When downloading this dataset, we rename the MachineLearningCSV.zip file to MachineLearningCVE.zip because in the MachineLearningCSV.md5 the target filename is MachineLearningCVE.zip.


In [None]:
!wget -nc -O MachineLearningCVE.zip http://205.174.165.80/CICDataset/CIC-IDS-2017/Dataset/CIC-IDS-2017/CSVs/MachineLearningCSV.zip

## Integrity check



In [None]:
!wget -nc http://205.174.165.80/CICDataset/CIC-IDS-2017/Dataset/CIC-IDS-2017/CSVs/MachineLearningCSV.md5

Checking the file integrity

In [None]:
!md5sum -c MachineLearningCSV.md5

Save the zip file to Google Drive.

In [None]:
!mkdir -p "/content/drive/MyDrive/colab_notebooks/CICIDS2017/CICIDS2017/"
!mv MachineLearningCVE.zip "/content/drive/MyDrive/colab_notebooks/CICIDS2017/CICIDS2017/"

## Unzip the dataset

Unzip the `MachineLearningCVE.zip`.

In [None]:
!unzip -n "/content/drive/MyDrive/colab_notebooks/CICIDS2017/CICIDS2017/MachineLearningCVE.zip"

Archive:  /content/drive/MyDrive/colab_notebooks/CICIDS2017/CICIDS2017/MachineLearningCVE.zip


There are eight files extracted from this zip file.
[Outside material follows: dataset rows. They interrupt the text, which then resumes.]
(* Let $(\mathcal U,\mathcal F)$ be a strongly accessible set system satisfying the commutable property, let $P$ be a maximal solution and $w\in\mathcal U$. Let $S$ be a maximal solution that is not a root and satisfies $\mathrm{parent}'(S)=P$ and $\mathrm{pi}'(S)=w$. Then $w\notin P$, and there exist $R\in\mathrm{restr}(P,w)$ and $s\in R\cap Z$ with $s\neq w$ such that $$S=\mathrm{complete}'\big(\mathrm{complete}'(\{s\},R)|_w\cup\{w\},\ \mathcal U\big).$$
   Context: A set system is $(\mathcal U,\mathcal F)$ with $\mathcal U$ finite, $\mathcal F\subseteq 2^{\mathcal U}$, $\emptyset\in\mathcal F$; $S\in\mathcal F$ is maximal if no $Y\in\mathcal F$ has $S\subsetneq Y$. Strongly accessible: for all $X,Y\in\mathcal F$ with $X\subsetneq Y$ there is $z\in Y\setminus X$ with $X\cup\{z\}\in\mathcal F$. Commutable: for all $X,Y\in\mathcal F$ with $X\ne\emptyset$, $X\subsetneq Y$, $a,b\in Y\setminus X$, if $X\cup\{a\},X\cup\{b\}\in\mathcal F$ then $X\cup\{a,b\}\in\mathcal F$. Elements of $\mathcal U$ are distinct integers. $X^+_A=\{a\in A\setminus X: X\cup\{a\}\in\mathcal F\}$, $X^+=X^+_{\mathcal U}$. $Z=\{x:\{x\}\in\mathcal F\}$, $\mathrm{source}(X)=\min(X\cap Z)$. Layers: for $X\in\mathcal F$, $t\in X\cap Z$: $B_0=\{t\}$, $B_i=B_{i-1}\cup(B_{i-1}^+\cap X)$; for $y\in X\cup X^+$, $\mathrm{lay}^X_t(t)=0$ and for $y\ne t$, $\mathrm{lay}^X_t(y)=\min\{i\ge1:y\in B_{i-1}^+\}$; $\mathrm{lay}^X=\mathrm{lay}^X_{\mathrm{source}(X)}$. $\mathrm{choose}'(X,A)$ is the $y\in X^+_A$ minimizing $(\mathrm{lay}^X(y),y)$ lexicographically. $\mathrm{complete}'(X,A)$: while $X^+_A\neq\emptyset$, add $\mathrm{choose}'(X,A)$ to $X$; return $X$. The truncated version $\mathrm{complete}'(X,A)|_w$ runs the same loop but stops as soon as $\mathrm{choose}'(X,A)$ would return $w$, returning the current $X$ (so $w$ is not added). The layered canonical order of a nonempty maximal $S$: $s_1=\mathrm{source}(S)$, $s_{i+1}=\mathrm{choose}'(S[i],S)$ while $S[i]^+_S\ne\emptyset$, with $S[i]=\{s_1,\dots,s_i\}$. Let $j$ be the smallest index with $\mathrm{complete}'(S[j],\mathcal U)=S$; $S$ is a root if $j=1$; otherwise $\mathrm{pi}'(S)=s_j$, $\mathrm{core}'(S)=S[j-1]$ and $\mathrm{parent}'(S)=\mathrm{complete}'(\mathrm{core}'(S),\mathcal U)$. For a maximal solution $P$ and $w\in\mathcal U$, $\mathrm{restr}(P,w)$ is the set of all $R\in\mathcal F$ with $R\subseteq P\cup\{w\}$, $R\neq P$, that are maximal among members of $\mathcal F$ contained in $P\cup\{w\}$. *)

theory Defs
  imports Main
begin
(* Let $\varphi\in H^\infty$ be saturated. Then $I\varphi$ is saturated for every inner function $I$.
   Context: $\mathbb{T}$ is the unit circle; $H^\infty$ is the space of bounded functions on $\mathbb{T}$ with Fourier coefficients supported on $\{0,1,2,\dots\}$, and $H^\infty_0$ is the subspace of $H^\infty$ of functions vanishing at the origin (zero mean). An inner function is $I\in H^\infty$ with $|I|=1$ a.e. on $\mathbb{T}$. A function $\varphi\in H^\infty$ is saturated if $\|\varphi\|_\infty = \inf_{f\in H^\infty_0}\|\varphi-\overline{f}\|_\infty$. *)

theory Defs
  imports "HOL-Analysis.Analysis" "HOL-Probability.Essential_Supremum"
begin

text \<open>The unit circle T is parametrised by t in [0, 2 pi] (via t maps to e^{it}),
  with normalised-up-to-constant Lebesgue measure. Functions on T are
  functions real to complex, considered on [0, 2 pi].\<close>

definition circ :: "real measure" where
  "circ = lebesgue_on {0..2*pi}"

definition sup_norm :: "(real \<Rightarrow> complex) \<Rightarrow> ereal" where
  "sup_norm f = esssup circ (\<lambda>t. ereal (cmod (f t)))"

definition fourier_coeff :: "(real \<Rightarrow> complex) \<Rightarrow> int \<Rightarrow> complex" where
  "fourier_coeff f n =
     complex_of_real (1 / (2*pi)) * (LINT t|circ. f t * cis (- (real_of_int n * t)))"

definition Linf :: "(real \<Rightarrow> complex) set" where
  "Linf = {f. f \<in> borel_measurable circ \<and> sup_norm f < \<infinity>}"

definition Hinf :: "(real \<Rightarrow> complex) set" where
  "Hinf = {f \<in> Linf. \<forall>n::int. n < 0 \<longrightarrow> fourier_coeff f n = 0}"

definition Hinf0 :: "(real \<Rightarrow> complex) set" where
  "Hinf0 = {f \<in> Hinf. fourier_coeff f 0 = 0}"

definition inner_fun :: "(real \<Rightarrow> complex) \<Rightarrow> bool" where
  "inner_fun I \<longleftrightarrow> I \<in> Hinf \<and> (AE t in circ. cmod (I t) = 1)"
lemma Xnorm_Rres_tendsto:
  assumes f: "inX \<Omega> m (Suc k) f"
    and Re_ge: "\<And>n. 0 \<le> Re (lam_seq n)" and lim: "lam_seq \<longlonglongrightarrow> lam"
  shows "(\<lambda>n. Xnorm \<Omega> m k (\<lambda>z. Rres \<Omega> (lam_seq n) f z - Rres \<Omega> lam f z)) \<longlonglongrightarrow> 0"
proof -
  let ?P = "\<Omega> \<times> msupport m"
  note f_borel = borel_measurable_if_inX[OF f]
  have [measurable]: "Rres \<Omega> \<mu> f \<in> borel_measurable (lborel \<Otimes>\<^sub>M m)"
    "Rres_abs \<Omega> f \<in> borel_measurable (lborel \<Otimes>\<^sub>M m)" for \<mu>
    using borel_measurable_Rres[OF open_\<Omega> bounded_\<Omega> f_borel]
      borel_measurable_Rres_abs[OF open_\<Omega> bounded_\<Omega> f_borel]
    by (simp_all add: measurable_lborel_pair_m)
  have Re_lam: "0 \<le> Re lam"
    using Re_ge by (intro LIMSEQ_le_const[OF tendsto_Re[OF lim]]) auto
  define u where "u n z = (indicator ?P z * wt k (snd z)) *\<^sub>R (Rres \<Omega> (lam_seq n) f z - Rres \<Omega> lam f z)"
    for n z
  define W where "W z = indicator ?P z * wt k (snd z) * enn2real (Rres_abs \<Omega> f z)" for z
  have "(\<lambda>n. \<integral>\<^sup>+z. norm (0 - u n z) \<partial>(lborel \<Otimes>\<^sub>M m)) \<longlonglongrightarrow> 0"
  proof (rule nn_integral_dominated_convergence_norm[where w="\<lambda>z. 2 * W z"])
    show "u n \<in> borel_measurable (lborel \<Otimes>\<^sub>M m)" for n
      unfolding u_def by measurable
    show "(\<lambda>z. 2 * W z) \<in> borel_measurable (lborel \<Otimes>\<^sub>M m)"
      unfolding W_def by measurable
    show "AE z in lborel \<Otimes>\<^sub>M m. norm (u n z) \<le> 2 * W z" for n
      using AE_Rres_abs_finite[OF f]
    proof eventually_elim
      case (elim z)
      then show ?case
        using norm_Rres_diff_le[OF Re_ge Re_lam, of \<Omega> f z] wt_ge_1[of k "snd z"]
        by (cases "z \<in> ?P") (simp_all add: u_def W_def)
    qed
    have "(\<integral>\<^sup>+z. 2 * W z \<partial>(lborel \<Otimes>\<^sub>M m)) = 2 * (\<integral>\<^sup>+z. W z \<partial>(lborel \<Otimes>\<^sub>M m))"
      using wt_ge_1[of k] by (subst nn_integral_cmult[symmetric]) (simp_all add: W_def ennreal_mult')
    with nn_integral_weighted_enn2real_Rres_abs_finite[OF f]
    show "(\<integral>\<^sup>+z. 2 * W z \<partial>(lborel \<Otimes>\<^sub>M m)) < \<infinity>"
      by (simp add: W_def ennreal_mult_less_top)
    show "AE z in lborel \<Otimes>\<^sub>M m. (\<lambda>n. u n z) \<longlonglongrightarrow> 0"
      using AE_Rres_abs_finite[OF f]
    proof eventually_elim
      case (elim z)
      show ?case
      proof (cases "z \<in> ?P")
        case True
        with elim have "(\<lambda>n. Rres \<Omega> (lam_seq n) f z - Rres \<Omega> lam f z) \<longlonglongrightarrow> 0"
          using Rres_tendsto[OF open_\<Omega> bounded_\<Omega> f_borel _ Re_ge lim] by (simp add: LIM_zero)
        then show ?thesis
          unfolding u_def using tendsto_scaleR[OF tendsto_const] by fastforce
      qed (simp add: u_def)
    qed
  qed simp
  moreover have "Xnorm \<Omega> m k (\<lambda>z. Rres \<Omega> (lam_seq n) f z - Rres \<Omega> lam f z)
      = enn2real (\<integral>\<^sup>+z. norm (0 - u n z) \<partial>(lborel \<Otimes>\<^sub>M m))" for n
    unfolding Xnorm_def u_def
    by (intro arg_cong[where f=enn2real] nn_integral_cong)
      (simp add: norm_mult indicator_def order_trans[OF zero_le_one wt_ge_1])
  ultimately show ?thesis
    using tendsto_enn2real[of _ 0] by simp
qed

end

theorem lemma4p3:
  fixes \<Omega> :: "(real^'n) set" and m :: "(real^'n) measure" and \<eta> :: real
  assumes "CARD('n) \<ge> 2" and "open \<Omega>" and "bounded \<Omega>" and "C1_boundary \<Omega>"
    and "sets m = sets borel"
    and "\<And>K. compact K \<Longrightarrow> emeasure m K < \<infinity>"
    and "emeasure m {0} = 0"
  shows "(\<forall>f. inX \<Omega> m 1 f \<longrightarrow>
            inX \<Omega> m 0 (Rres \<Omega> (\<i> * of_real \<eta>) f) \<and>
            ((\<lambda>\<epsilon>. Xnorm \<Omega> m 0 (\<lambda>z. Rres \<Omega> (of_real \<epsilon> + \<i> * of_real \<eta>) f z
                                      - Rres \<Omega> (\<i> * of_real \<eta>) f z)) \<longlongrightarrow> 0) (at_right 0))
       \<and> (\<forall>k f. inX \<Omega> m (k + 1) f \<longrightarrow>
            inX \<Omega> m k (Rres \<Omega> (\<i> * of_real \<eta>) f) \<and>
            ((\<lambda>\<epsilon>. Xnorm \<Omega> m k (\<lambda>z. Rres \<Omega> (of_real \<epsilon> + \<i> * of_real \<eta>) f z
                                      - Rres \<Omega> (\<i> * of_real \<eta>) f z)) \<longlongrightarrow> 0) (at_right 0))"
proof -
  note setting = assms(2,3,5,6)
  have "inX \<Omega> m k (Rres \<Omega> (\<i> * of_real \<eta>) f) \<and>
      ((\<lambda>\<epsilon>. Xnorm \<Omega> m k (\<lambda>z. Rres \<Omega> (of_real \<epsilon> + \<i> * of_real \<eta>) f z
                                - Rres \<Omega> (\<i> * of_real \<eta>) f z)) \<longlongrightarrow> 0) (at_right 0)"
    if f: "inX \<Omega> m (Suc k) f" for k f
  proof
    show "inX \<Omega> m k (Rres \<Omega> (\<i> * of_real \<eta>) f)"
      using Rres_inX[OF setting f, of "\<i> * of_real \<eta>"] by simp
    show "((\<lambda>\<epsilon>. Xnorm \<Omega> m k (\<lambda>z. Rres \<Omega> (of_real \<epsilon> + \<i> * of_real \<eta>) f z
                                - Rres \<Omega> (\<i> * of_real \<eta>) f z)) \<longlongrightarrow> 0) (at_right 0)"
    proof (rule tendsto_at_right_sequentially[OF zero_less_one])
      fix S :: "nat \<Rightarrow> real"
      assume "\<And>n. 0 < S n" and "S \<longlonglongrightarrow> 0"
      then show "(\<lambda>n. Xnorm \<Omega> m k (\<lambda>z. Rres \<Omega> (of_real (S n) + \<i> * of_real \<eta>) f z
                                - Rres \<Omega> (\<i> * of_real \<eta>) f z)) \<longlonglongrightarrow> 0"
        by (intro Xnorm_Rres_tendsto[OF setting f] tendsto_eq_intros) (auto intro: less_imp_le)
    qed
  qed
  from this[of 0] this show ?thesis
    by simp
qed

end
theorem theorem1:
  fixes n :: nat
  assumes "n > 0"
  shows "(n mod 4 = 1 \<longrightarrow>
           rf_cong (\<Sum>k<n. (qpoch qvar (qvar ^ 4) k)\<^sup>2 / (qpoch (qvar ^ 4) (qvar ^ 4) k)\<^sup>2 * qvar ^ (2 * k))
                   (qpoch (qvar ^ 3) (qvar ^ 4) ((n - 1) div 4) / qpoch (qvar ^ 4) (qvar ^ 4) ((n - 1) div 4))
                   (cyclotomic n))
       \<and> (n mod 4 = 3 \<longrightarrow>
           rf_cong (\<Sum>k<n. (qpoch qvar (qvar ^ 4) k)\<^sup>2 / (qpoch (qvar ^ 4) (qvar ^ 4) k)\<^sup>2 * qvar ^ (2 * k))
                   0 (cyclotomic n))"
proof -
  have lhs: "fract_evals_on (primitive_roots n) (qseries qvar n) (\<lambda>z. qseries z n)" if "odd n"
    using qpoch_primitive_root_neq_0[OF that] by (rule fract_evals_on_qseries)
  show ?thesis
    unfolding qseries_def[symmetric]
  proof (intro conjI impI)
    assume "n mod 4 = 1"
    define M where "M = (n - 1) div 4"
    have n: "n = 4 * M + 1"
      unfolding M_def using \<open>n mod 4 = 1\<close> by presburger
    then have "odd n"
      by simp
    have rhs: "fract_evals_on (primitive_roots n)
        (qpoch (qvar ^ 3) (qvar ^ 4) M / qpoch (qvar ^ 4) (qvar ^ 4) M)
        (\<lambda>z. qpoch (z ^ 3) (z ^ 4) M / qpoch (z ^ 4) (z ^ 4) M)"
      using qpoch_primitive_root_neq_0[of n] n
      by (intro fract_evals_on_divide fract_evals_on_qpoch fract_evals_on_power fract_evals_on_qvar) auto
    show "rf_cong (qseries qvar n)
        (qpoch (qvar ^ 3) (qvar ^ 4) ((n - 1) div 4) / qpoch (qvar ^ 4) (qvar ^ 4) ((n - 1) div 4))
        (cyclotomic n)"
      unfolding M_def[symmetric] using qseries_primitive_root_1_mod_4[OF n]
      by (rule rf_cong_cyclotomicI[OF assms lhs[OF \<open>odd n\<close>] rhs])
  next
    assume "n mod 4 = 3"
    then obtain N where n: "n = 4 * N + 3"
      by (metis mod_mult_div_eq add.commute)
    then have "odd n"
      by simp
    show "rf_cong (qseries qvar n) 0 (cyclotomic n)"
      using qseries_primitive_root_3_mod_4[OF n]
      by (rule rf_cong_cyclotomicI[OF assms lhs[OF \<open>odd n\<close>] fract_evals_on_0])
  qed
qed

end
lemma Re_lam_tendsto_zero:
  assumes "\<And>n. Re (lam n) > 0" "unconditional_seq_L2 mode" "\<And>n. ip (\<phi> n) b \<noteq> 0"
  shows "(\<lambda>n. Re (lam n)) \<longlonglongrightarrow> 0"
proof (rule unconditional_exp_Re_tendsto_zero)
  obtain K where K: "\<And>x. norm (A x) \<le> K * norm x"
    using bdd unfolding bounded_cop_def by blast
  have "cmod (- lam n) \<le> K" for n
    using eigenvalue_norm_le[OF K] eig[of n] by blast
  then show "bounded (range lam)"
    unfolding bounded_iff by auto
qed (use assms in \<open>simp_all add: mode_def[abs_def]\<close>)

lemma conditions_imp_comparable:
  assumes pos: "\<And>n. Re (lam n) > 0" and unc: "unconditional_seq_L2 mode"
    and single: "comparable (\<lambda>n. enn2real (L2_sq (mode n))) (\<lambda>n. (norm (\<phi> n))\<^sup>2)"
  shows "(\<forall>F a. L2_sq (mode_sum F a) < \<infinity>) \<and>
     comparable (\<lambda>(F, a). enn2real (L2_sq (mode_sum F a))) (\<lambda>(F, a). (norm (lincomb F a))\<^sup>2)"
proof
  show "\<forall>F a. L2_sq (mode_sum F a) < \<infinity>"
  proof (intro allI)
    fix F a
    have "in_L2 (\<lambda>t. a n * mode n t)" for n
      using in_L2_exp[OF pos[of n], of "a n * ip (\<phi> n) b"] by (simp add: mode_def mult_ac)
    then show "L2_sq (mode_sum F a) < \<infinity>"
      using in_L2_sum[of F "\<lambda>n t. a n * mode n t"] unfolding in_L2_def by blast
  qed
  have "comparable (\<lambda>(F, a). enn2real (L2_sq (mode_sum F a)))
      (\<lambda>(F, a). \<Sum>n\<in>F. (cmod (a n))\<^sup>2 * enn2real (L2_sq (mode n)))"
    using unc unfolding unconditional_seq_L2_iff_comparable by blast
  also have "comparable \<dots> (\<lambda>(F, a). \<Sum>n\<in>F. (cmod (a n))\<^sup>2 * (norm (\<phi> n))\<^sup>2)"
    by (rule comparable_weighted_sums[OF single])
  also have "comparable \<dots> (\<lambda>(F, a). (norm (lincomb F a))\<^sup>2)"
    by (rule comparable_sym[OF lincomb_comparable])
  finally show "comparable (\<lambda>(F, a). enn2real (L2_sq (mode_sum F a))) (\<lambda>(F, a). (norm (lincomb F a))\<^sup>2)" .
qed

lemma comparable_imp_conditions:
  assumes cmp: "comparable (\<lambda>(F, a). enn2real (L2_sq (mode_sum F a))) (\<lambda>(F, a). (norm (lincomb F a))\<^sup>2)"
  shows "(\<forall>n. Re (lam n) > 0) \<and> unconditional_seq_L2 mode \<and>
    comparable (\<lambda>n. enn2real (L2_sq (mode n))) (\<lambda>n. (norm (\<phi> n))\<^sup>2)"
proof (intro conjI allI)
  show single: "comparable (\<lambda>n. enn2real (L2_sq (mode n))) (\<lambda>n. (norm (\<phi> n))\<^sup>2)"
    using comparable_comp[OF cmp, of "\<lambda>n. ({n}, \<lambda>_. 1)"] by (simp add: o_def lincomb_def sm_one)
  show pos: "Re (lam n) > 0" for n
    by (rule mode_coeff_nonzero_and_Re_pos(2)[OF single])
  have "comparable (\<lambda>(F, a). enn2real (L2_sq (mode_sum F a))) (\<lambda>(F, a). (norm (lincomb F a))\<^sup>2)"
    by (rule cmp)
  also have "comparable \<dots> (\<lambda>(F, a). \<Sum>n\<in>F. (cmod (a n))\<^sup>2 * (norm (\<phi> n))\<^sup>2)"
    by (rule lincomb_comparable)
  also have "comparable \<dots> (\<lambda>(F, a). \<Sum>n\<in>F. (cmod (a n))\<^sup>2 * enn2real (L2_sq (mode n)))"
    by (rule comparable_weighted_sums[OF comparable_sym[OF single]])
  finally show "unconditional_seq_L2 mode"
    unfolding unconditional_seq_L2_iff_comparable
    using in_L2_exp[OF pos] by (simp add: mode_def[abs_def])
qed

theorem exactly_observable_iff_conditions:
  "exactly_observable ip A b \<longleftrightarrow>
     (\<forall>n. Re (lam n) > 0) \<and> (\<lambda>n. Re (lam n)) \<longlonglongrightarrow> 0 \<and> unconditional_seq_L2 mode \<and>
     (\<exists>c1 c2. 0 < c1 \<and> c1 \<le> c2 \<and> (\<forall>n. c1 \<le> ratio n \<and> ratio n \<le> c2))"
proof -
  have "exactly_observable ip A b \<longleftrightarrow> (\<forall>n. Re (lam n) > 0) \<and> unconditional_seq_L2 mode \<and>
      comparable (\<lambda>n. enn2real (L2_sq (mode n))) (\<lambda>n. (norm (\<phi> n))\<^sup>2)"
    using conditions_imp_comparable comparable_imp_conditions
    unfolding exactly_observable_iff_comparable by blast
  then show ?thesis
    using ratio_bounds_iff_comparable Re_lam_tendsto_zero mode_coeff_nonzero_and_Re_pos(1) by blast
qed

end

theorem theorem3p15:
  fixes sm :: "complex \<Rightarrow> 'a::banach \<Rightarrow> 'a"
    and ip :: "'a \<Rightarrow> 'a \<Rightarrow> complex"
    and A :: "'a \<Rightarrow> 'a" and \<phi> :: "nat \<Rightarrow> 'a" and lam :: "nat \<Rightarrow> complex" and b :: 'a
  assumes hilb: "complex_hilbert sm ip"
    and sep: "separable_space TYPE('a)"
    and infdim: "infinite_dimensional sm"
    and bdd: "bounded_cop sm A"
    and basis: "unconditional_basis sm \<phi>"
    and eig: "\<And>n. \<phi> n \<noteq> 0 \<and> A (\<phi> n) = sm (- lam n) (\<phi> n)"
  shows "exactly_observable ip A b \<longleftrightarrow>
     (\<forall>n. Re (lam n) > 0) \<and>
     (\<lambda>n. Re (lam n)) \<longlonglongrightarrow> 0 \<and>
     unconditional_seq_L2 (\<lambda>n t. exp (- lam n * complex_of_real t) * ip (\<phi> n) b) \<and>
     (\<exists>c1 c2. 0 < c1 \<and> c1 \<le> c2 \<and> (\<forall>n.
        c1 \<le> cmod (ip b (\<phi> n)) / (norm (\<phi> n) * sqrt (2 * Re (lam n))) \<and>
        cmod (ip b (\<phi> n)) / (norm (\<phi> n) * sqrt (2 * Re (lam n))) \<le> c2))"
proof -
  interpret diagonal_system sm ip A \<phi> lam b
    using hilb bdd basis eig by unfold_locales auto
  show ?thesis
    using exactly_observable_iff_conditions unfolding mode_def[abs_def] ratio_def .
qed

end
(* Let $G$ be a connected threshold graph of order $n\ge 4$ and size $m$ with $n-1<m<\binom{n}{2}$, let $c$ be its number of type 1 vertices, $(b_1,\ldots,b_z)$ its backwards zero position sequence, $F_1=\sum_{i=1}^z b_i^2$, and $\rho$ the spectral radius of its adjacency matrix. Then \[\rho> c-1+\frac{F_1}{n^2}.\]
   Context: A threshold graph is a simple graph whose vertices can be ordered $v_1,\ldots,v_n$ so that for each $2\le i\le n$, $v_i$ is either adjacent to all of $v_1,\ldots,v_{i-1}$ (then $a_i=1$) or to none of them (then $a_i=0$); by convention $a_1=1$. Vertex $v_i$ is of type 1 if $a_i=1$ and of type 0 if $a_i=0$; $c$ and $z$ are the numbers of type 1 and type 0 vertices. The backwards zero position sequence $(b_1,\ldots,b_z)$ is defined by letting $b_i$ be the number of type 1 vertices appearing after the $i$-th type 0 vertex in the order $v_1,\ldots,v_n$. *)

theory Defs
  imports "Jordan_Normal_Form.Spectral_Radius"
begin

definition simple_graph :: "'a set \<Rightarrow> ('a \<Rightarrow> 'a \<Rightarrow> bool) \<Rightarrow> bool" where
  "simple_graph V E \<longleftrightarrow> finite V \<and> (\<forall>x y. E x y \<longrightarrow> E y x) \<and> (\<forall>x. \<not> E x x)
     \<and> (\<forall>x y. E x y \<longrightarrow> x \<in> V \<and> y \<in> V)"

definition graph_connected :: "'a set \<Rightarrow> ('a \<Rightarrow> 'a \<Rightarrow> bool) \<Rightarrow> bool" where
  "graph_connected V E \<longleftrightarrow> (\<forall>u\<in>V. \<forall>v\<in>V. E\<^sup>*\<^sup>* u v)"

definition graph_size :: "('a \<Rightarrow> 'a \<Rightarrow> bool) \<Rightarrow> nat" where
  "graph_size E = card {{u, v} | u v. E u v}"

text \<open>vs is a threshold ordering v_1,...,v_n (0-indexed here) of the graph.\<close>
definition threshold_order :: "'a set \<Rightarrow> ('a \<Rightarrow> 'a \<Rightarrow> bool) \<Rightarrow> 'a list \<Rightarrow> bool" where
  "threshold_order V E vs \<longleftrightarrow> distinct vs \<and> set vs = V \<and>
     (\<forall>i < length vs. 1 \<le> i \<longrightarrow>
        (\<forall>j<i. E (vs ! i) (vs ! j)) \<or> (\<forall>j<i. \<not> E (vs ! i) (vs ! j)))"

definition type1 :: "('a \<Rightarrow> 'a \<Rightarrow> bool) \<Rightarrow> 'a list \<Rightarrow> nat \<Rightarrow> bool" where
  "type1 E vs i \<longleftrightarrow> i = 0 \<or> (\<forall>j<i. E (vs ! i) (vs ! j))"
1. `Monday-WorkingHours.pcap_ISCX.csv`
2. `Tuesday-WorkingHours.pcap_ISCX.csv`
3. `Wednesday-workingHours.pcap_ISCX.csv`
4. `Thursday-WorkingHours-Morning-WebAttacks.pcap_ISCX.csv`
5. `Thursday-WorkingHours-Afternoon-Infilteration.pcap_ISCX.csv`
6. `Friday-WorkingHours-Morning.pcap_ISCX.csv`
7. `Friday-WorkingHours-Afternoon-PortScan.pcap_ISCX.csv`
8. `Friday-WorkingHours-Afternoon-DDos.pcap_ISCX.csv`

## Combine All Dataset

In [None]:
import os
import pandas as pd

DIR_PATH = "MachineLearningCVE"

FILE_NAMES = ["Monday-WorkingHours.pcap_ISCX.csv",
              "Tuesday-WorkingHours.pcap_ISCX.csv",
              "Wednesday-workingHours.pcap_ISCX.csv",
              "Thursday-WorkingHours-Morning-WebAttacks.pcap_ISCX.csv",
              "Thursday-WorkingHours-Afternoon-Infilteration.pcap_ISCX.csv",
              "Friday-WorkingHours-Morning.pcap_ISCX.csv",
              "Friday-WorkingHours-Afternoon-PortScan.pcap_ISCX.csv",
              "Friday-WorkingHours-Afternoon-DDos.pcap_ISCX.csv"]

In [None]:
df = [pd.read_csv(os.path.join(DIR_PATH, f), skipinitialspace=True) for f in FILE_NAMES]
df = pd.concat(df, ignore_index=True)

In [None]:
df.head()

Unnamed: 0,Destination Port,Flow Duration,Total Fwd Packets,Total Backward Packets,Total Length of Fwd Packets,Total Length of Bwd Packets,Fwd Packet Length Max,Fwd Packet Length Min,Fwd Packet Length Mean,Fwd Packet Length Std,...,min_seg_size_forward,Active Mean,Active Std,Active Max,Active Min,Idle Mean,Idle Std,Idle Max,Idle Min,Label
0,49188,4,2,0,12,0,6,6,6.0,0.0,...,20,0.0,0.0,0,0,0.0,0.0,0,0,BENIGN
1,49188,1,2,0,12,0,6,6,6.0,0.0,...,20,0.0,0.0,0,0,0.0,0.0,0,0,BENIGN
2,49188,1,2,0,12,0,6,6,6.0,0.0,...,20,0.0,0.0,0,0,0.0,0.0,0,0,BENIGN
3,49188,1,2,0,12,0,6,6,6.0,0.0,...,20,0.0,0.0,0,0,0.0,0.0,0,0,BENIGN
4,49486,3,2,0,12,0,6,6,6.0,0.0,...,20,0.0,0.0,0,0,0.0,0.0,0,0,BENIGN


## Change the unrecognized character in the clolumn BENIGN

File `Thursday-WorkingHours-Morning-WebAttacks.pcap_ISCX.csv` contained unrecognized character.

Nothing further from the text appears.